Bayes’ Theorem states that the conditional probability of an event, based on the occurrence of another event, is equal to the likelihood of the second event given the first event multiplied by the probability of the first event.

**What Is Calculated in Bayes’ Theorem?**

Bayes’ Theorem calculates the conditional probability of an event, based on the values of specific related known probabilities.

**What Is a Bayes’ Theorem Calculator?**

A Bayes’ Theorem Calculator figures the probability of an event **A** conditional on another event **B**, given the prior probabilities of **A** and **B**, and the probability of **B** conditional on **A**. It calculates conditional probabilities based on known probabilities.

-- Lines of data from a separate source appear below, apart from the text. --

lemma proj_eq:
  assumes "orthonormal_basis n Z m E"
  shows "proj n Z m V = (\<lambda>i. \<Sum>e\<in>E. vinner n e V * e i)"
proof -
  define w where "w = (\<lambda>i. \<Sum>e\<in>E. vinner n e V * e i)"
  have E: "finite E" "E \<subseteq> colspace n Z m" "orthonormal n E"
    using assms unfolding orthonormal_basis_def by auto
  have w_in: "w \<in> colspace n Z m"
    unfolding w_def by (rule colspace_sum) (use E in auto)
  have w_orth: "vinner n (\<lambda>i. V i - w i) c = 0" if "c \<in> colspace n Z m" for c
  proof -
    have "vinner n (\<lambda>i. V i - w i) c = (\<Sum>e\<in>E. vinner n e (\<lambda>i. V i - w i) * vinner n e c)"
      by (rule vinner_colspace[OF assms that])
    also have "\<dots> = 0" using orthonormal_residual[OF E(1,3)] by (simp add: w_def)
    finally show ?thesis .
  qed
  show ?thesis
    unfolding proj_def w_def[symmetric]
  proof (rule the_equality)
    show "w \<in> colspace n Z m \<and> (\<forall>c\<in>colspace n Z m. vinner n (\<lambda>i. V i - w i) c = 0)"
      using w_in w_orth by blast
    fix w' assume w': "w' \<in> colspace n Z m \<and> (\<forall>c\<in>colspace n Z m. vinner n (\<lambda>i. V i - w' i) c = 0)"
    define d where "d = (\<lambda>i. w' i - w i)"
    have d_in: "d \<in> colspace n Z m" unfolding d_def using colspace_diff w' w_in by blast
    have "vnorm2 n d = vinner n (\<lambda>i. V i - w i) d - vinner n (\<lambda>i. V i - w' i) d"
      unfolding d_def vnorm2_def by (simp add: vinner_diff_left)
    then have "vnorm2 n d = 0" using w_orth[OF d_in] w' d_in by simp
    then have "d i = 0" for i
      using vnorm2_eq_0D[of n d i] colspace_outside[OF d_in, of i] by (cases "i < n") auto
    then show "w' = w" unfolding d_def by auto
  qed
qed

lemma proj_in_colspace: "finite m \<Longrightarrow> proj n Z m V \<in> colspace n Z m"
  using proj_eq[OF orthonormal_basis_onb] orthonormal_basis_onb[of m n Z]
  unfolding orthonormal_basis_def by (auto intro!: colspace_sum)

lemma projperp_eq:
  "orthonormal_basis n Z m E \<Longrightarrow> projperp n Z m V = (\<lambda>i. V i - (\<Sum>e\<in>E. vinner n e V * e i))"
  unfolding projperp_def using proj_eq by simp

lemma vinner_projperp_left:
  assumes "orthonormal_basis n Z m E"
  shows "vinner n (projperp n Z m A) B = vinner n A B - (\<Sum>e\<in>E. vinner n e A * vinner n e B)"
  unfolding projperp_eq[OF assms] vinner_diff_left vinner_sum_left vinner_scale_left by simp

lemma vinner_projperp_right:
  assumes "orthonormal_basis n Z m E"
  shows "vinner n A (projperp n Z m B) = vinner n A B - (\<Sum>e\<in>E. vinner n e A * vinner n e B)"
  unfolding projperp_eq[OF assms] vinner_diff_right vinner_sum_right vinner_scale_right
  by (simp add: vinner_sym[of n A] mult.commute)

lemma vinner_projperp_swap:
  "finite m \<Longrightarrow> vinner n A (projperp n Z m B) = vinner n (projperp n Z m A) B"
  unfolding vinner_projperp_left[OF orthonormal_basis_onb] vinner_projperp_right[OF orthonormal_basis_onb] ..

lemma vnorm2_projperp:
  assumes "orthonormal_basis n Z m E"
  shows "vnorm2 n (projperp n Z m V) = vnorm2 n V - (\<Sum>e\<in>E. (vinner n e V)\<^sup>2)"
proof -
  have E: "finite E" "orthonormal n E" using assms unfolding orthonormal_basis_def by auto
  have "vinner n e (projperp n Z m V) = 0" if "e \<in> E" for e
    unfolding projperp_eq[OF assms] by (rule orthonormal_residual[OF E that])
  then have "vnorm2 n (projperp n Z m V) = vinner n V (projperp n Z m V)"
    unfolding vnorm2_def vinner_projperp_left[OF assms] by simp
  also have "\<dots> = vnorm2 n V - (\<Sum>e\<in>E. (vinner n e V)\<^sup>2)"
    unfolding vinner_projperp_right[OF assms] vnorm2_def by (simp add: power2_eq_square)
  finally show ?thesis .
qed

lemma projperp_min:
  assumes "finite m" "c \<in> colspace n Z m"
  shows "vnorm2 n (projperp n Z m V) \<le> vnorm2 n (\<lambda>i. V i - c i)"
proof -
  let ?E = "onb n Z m"
  have E: "orthonormal_basis n Z m ?E" using orthonormal_basis_onb[OF assms(1)] .
  define d where "d = (\<lambda>i. proj n Z m V i - c i)"
  have d_in: "d \<in> colspace n Z m"
    unfolding d_def using colspace_diff proj_in_colspace assms by blast
  have "vinner n (projperp n Z m V) d = 0"
    unfolding vinner_projperp_left[OF E] vinner_colspace[OF E d_in, of V] by simp
  moreover have "vnorm2 n (\<lambda>i. V i - c i) = vnorm2 n (\<lambda>i. projperp n Z m V i + d i)"
    unfolding d_def projperp_def by simp
  ultimately show ?thesis using vnorm2_add vnorm2_nonneg[of n d] by simp
qed

lemma projperp_antimono:
  assumes "finite m'" "m \<subseteq> m'"
  shows "vnorm2 n (projperp n Z m' V) \<le> vnorm2 n (projperp n Z m V)"
proof -
  have "proj n Z m V \<in> colspace n Z m'"
    using proj_in_colspace[OF finite_subset[OF assms(2,1)]] colspace_mono[OF assms] by blast
  from projperp_min[OF assms(1) this] show ?thesis unfolding projperp_def .
qed

section \<open>Gaussian linearisation and sub-Gaussian vectors\<close>

definition std_normal :: "real measure" where
  "std_normal = density lborel (\<lambda>x. ennreal (std_normal_density x))"

lemma prob_space_std_normal: "prob_space std_normal"
  unfolding std_normal_def by (rule prob_space_normal_density) simp

lemma sets_std_normal [simp]: "sets std_normal = sets borel"
  by (simp add: std_normal_def)

lemma borel_measurable_std_normal:
  "f \<in> borel_measurable std_normal \<longleftrightarrow> f \<in> borel_measurable borel"
  by (simp add: measurable_cong_sets[OF sets_std_normal refl])

lemma nn_integral_std_normal:
  assumes "f \<in> borel_measurable borel"
  shows "(\<integral>\<^sup>+x. f x \<partial>std_normal) = (\<integral>\<^sup>+x. ennreal (std_normal_density x) * f x \<partial>lborel)"
  unfolding std_normal_def using assms by (intro nn_integral_density) auto

lemma nn_integral_normal_density: "0 < \<sigma> \<Longrightarrow> (\<integral>\<^sup>+x. ennreal (normal_density \<mu> \<sigma> x) \<partial>lborel) = 1"
  by (subst nn_integral_eq_integral) auto

lemma std_normal_mgf: "(\<integral>\<^sup>+x. ennreal (exp (a * x)) \<partial>std_normal) = ennreal (exp (a\<^sup>2 / 2))"
proof -
  have "std_normal_density x * exp (a * x) = exp (a\<^sup>2 / 2) * normal_density a 1 x" for x
  proof -
    have "- x\<^sup>2 / 2 + a * x = a\<^sup>2 / 2 + (- (x - a)\<^sup>2 / 2)"
      by (simp add: power2_eq_square field_simps)
    then show ?thesis
      unfolding std_normal_density_def normal_density_def by (simp add: mult_exp_exp)
  qed
  then have "(\<integral>\<^sup>+x. ennreal (exp (a * x)) \<partial>std_normal)
      = (\<integral>\<^sup>+x. ennreal (exp (a\<^sup>2 / 2)) * ennreal (normal_density a 1 x) \<partial>lborel)"
    by (simp add: nn_integral_std_normal ennreal_mult'[symmetric])
  also have "\<dots> = ennreal (exp (a\<^sup>2 / 2))"
    by (simp add: nn_integral_cmult nn_integral_normal_density)
  finally show ?thesis .
qed

lemma std_normal_exp_square:
  assumes "0 \<le> b" "b < 1/2"
  shows "(\<integral>\<^sup>+x. ennreal (exp (b * x\<^sup>2)) \<partial>std_normal) = ennreal (1 / sqrt (1 - 2 * b))"
proof -
  define \<sigma> where "\<sigma> = 1 / sqrt (1 - 2 * b)"
  have \<sigma>: "\<sigma> > 0" "\<sigma>\<^sup>2 = 1 / (1 - 2 * b)"
    using assms unfolding \<sigma>_def by (simp_all add: power_divide)
  have "std_normal_density x * exp (b * x\<^sup>2) = \<sigma> * normal_density 0 \<sigma> x" for x
  proof -
    have "sqrt (2 * pi * \<sigma>\<^sup>2) = sqrt (2 * pi) * \<sigma>" using \<sigma>(1) by (simp add: real_sqrt_mult)
    moreover have "- x\<^sup>2 / (2 * \<sigma>\<^sup>2) = - x\<^sup>2 / 2 + b * x\<^sup>2"
      using assms unfolding \<sigma>(2) by (simp add: field_simps)
    ultimately have "normal_density 0 \<sigma> x = exp (- x\<^sup>2 / 2 + b * x\<^sup>2) / (sqrt (2 * pi) * \<sigma>)"
      unfolding normal_density_def diff_zero by simp
    then have "\<sigma> * normal_density 0 \<sigma> x = exp (- x\<^sup>2 / 2 + b * x\<^sup>2) / sqrt (2 * pi)"
      using \<sigma>(1) by simp
    moreover have "std_normal_density x * exp (b * x\<^sup>2) = exp (- x\<^sup>2 / 2 + b * x\<^sup>2) / sqrt (2 * pi)"
      unfolding std_normal_density_def exp_add by simp
    ultimately show ?thesis by simp
  qed
  then have "(\<integral>\<^sup>+x. ennreal (exp (b * x\<^sup>2)) \<partial>std_normal)
      = (\<integral>\<^sup>+x. ennreal (\<sigma> * normal_density 0 \<sigma> x) \<partial>lborel)"
    by (simp add: nn_integral_std_normal ennreal_mult'[symmetric])
  also have "\<dots> = ennreal \<sigma> * (\<integral>\<^sup>+x. ennreal (normal_density 0 \<sigma> x) \<partial>lborel)"
    using \<sigma>(1) by (simp add: ennreal_mult nn_integral_cmult)
  also have "\<dots> = ennreal \<sigma>"
    using \<sigma>(1) by (simp add: nn_integral_normal_density)
  finally show ?thesis unfolding \<sigma>_def .
qed

lemma exp_sum_squares_gaussian:
  assumes "finite E" "s\<^sup>2 = 2 * c"
  shows "ennreal (exp (c * (\<Sum>e\<in>E. (t e)\<^sup>2)))
    = (\<integral>\<^sup>+g. ennreal (exp (s * (\<Sum>e\<in>E. g e * t e))) \<partial>PiM E (\<lambda>_. std_normal))"
proof -
  interpret product_prob_space "\<lambda>_. std_normal"
    by (simp add: product_prob_space_def product_prob_space_axioms_def product_sigma_finite_def
        prob_space_std_normal prob_space_imp_sigma_finite)
  have "ennreal (exp (c * (\<Sum>e\<in>E. (t e)\<^sup>2))) = (\<Prod>e\<in>E. ennreal (exp (c * (t e)\<^sup>2)))"
    by (simp add: exp_sum assms(1) sum_distrib_left prod_ennreal)
  also have "\<dots> = (\<Prod>e\<in>E. (\<integral>\<^sup>+x. ennreal (exp ((s * t e) * x)) \<partial>std_normal))"
    using assms(2) by (simp add: std_normal_mgf power_mult_distrib)
  also have "\<dots> = (\<integral>\<^sup>+g. (\<Prod>e\<in>E. ennreal (exp ((s * t e) * g e))) \<partial>PiM E (\<lambda>_. std_normal))"
    by (rule product_nn_integral_prod[symmetric])
      (simp_all add: assms(1) borel_measurable_std_normal)
  also have "\<dots> = (\<integral>\<^sup>+g. ennreal (exp (s * (\<Sum>e\<in>E. g e * t e))) \<partial>PiM E (\<lambda>_. std_normal))"
    by (simp add: prod_ennreal exp_sum[symmetric] assms(1) sum_distrib_left algebra_simps)
  finally show ?thesis .
qed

**How Is Bayes’ Theorem Used in Machine Learning?**

Bayes Theorem provides a useful method for thinking about the relationship between a data set and a probability. In other words, the theorem says that the probability of a given hypothesis being true based on specific observed data can be stated as finding the probability of observing the data given the hypothesis multiplied by the probability of the hypothesis being true regardless of the data, divided by the probability of observing the data regardless of the hypothesis.

**The Bottom Line**

At its simplest, Bayes’ Theorem takes a test result and relates it to the conditional probability of that test result given other related events. For high probability false positives, the Theorem gives a more reasoned likelihood of a particular outcome.

P(A|B) = [P(B|A).P(A)]/[P(B)]

Where:

- P(A|B) – the probability of event A occurring, given event B has occurred
- P(B|A) – the probability of event B occurring, given event A has occurred
- P(A) – the probability of event A
- P(B) – the probability of event B